◆ **GIVEN DATA**:
-- -- --

(* Let $H$ and $G$ be real Hilbert spaces and let $Z$ be a nonempty closed convex subset of $H\times G$. Let $x_0\in H\times G$, let $\{\lambda_n\}_{n\in\mathbb{N}}\subset(0,1]$, and let $\{H_n\}_{n\in\mathbb{N}}$ be closed convex subsets of $H\times G$ with $Z\subset H_n$ for all $n$. Consider any sequence generated as follows: for $n=0,1,\dots$, $$x_{n+1/2}=x_n+\lambda_n\big(P_{H_n}(x_n)-x_n\big),$$ choose a closed convex set $C_n$ with $Z\subset C_n\subset H(x_n,x_{n+1/2})$, and set $$x_{n+1}=P_{H(x_0,x_n)\cap C_n}(x_0).$$ Then: 1. $Z\subset H(x_0,x_n)\cap C_n$ for all $n\in\mathbb{N}$; 2. $\|x_{n+1}-x_0\|\ge\|x_n-x_0\|$ for all $n\in\mathbb{N}$; 3. $\sum_{n=0}^{\infty}\|x_{n+1}-x_n\|^2<+\infty$; 4. $\sum_{n=0}^{\infty}\|x_{n+1/2}-x_n\|^2<+\infty$; 5. if for every $x\in H\times G$ and every subsequence $\{x_{k_n}\}$ with $x_{k_n}\rightharpoonup x$ (weakly) one has $x\in Z$, then $x_n\to P_Z(x_0)$ strongly.
   Context: $H\times G$ carries the product Hilbert structure. For $x,y\in H\times G$, $H(x,y):=\{h\in H\times G:\ \langle h-y\mid x-y\rangle\le 0\}$ (so $H(x,x)$ is the whole space). $P_D$ denotes the metric projection onto a nonempty closed convex set $D$. *)

theory Defs
  imports "HOL-Analysis.Analysis"
begin

text \<open>Metric projection onto a set D (the library's closest_point requires heine_borel,
  which excludes infinite-dimensional Hilbert spaces): the (for nonempty closed convex D in a
  Hilbert space, unique) point of D nearest to x.\<close>
definition proj :: "'a::real_inner set \<Rightarrow> 'a \<Rightarrow> 'a" where
  "proj D x = (SOME p. p \<in> D \<and> (\<forall>y\<in>D. dist x p \<le> dist x y))"

definition halfsp :: "'a::real_inner \<Rightarrow> 'a \<Rightarrow> 'a set" where
  "halfsp x y = {h. inner (h - y) (x - y) \<le> 0}"

definition weak_conv :: "(nat \<Rightarrow> 'a::real_inner) \<Rightarrow> 'a \<Rightarrow> bool" where
  "weak_conv u x \<longleftrightarrow> (\<forall>y. ((\<lambda>n. inner (u n) y) \<longlonglongrightarrow> inner x y))"

end

theory Submission
  imports Defs "HOL-Library.Diagonal_Subsequence"
begin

-- -- --

◆ **TASK INSTRUCTIONS**: Over the whole listing above, give the number of lines in which "projection" occurs, and no other words.

◆ **ANSWER TO THIS TASK**: 2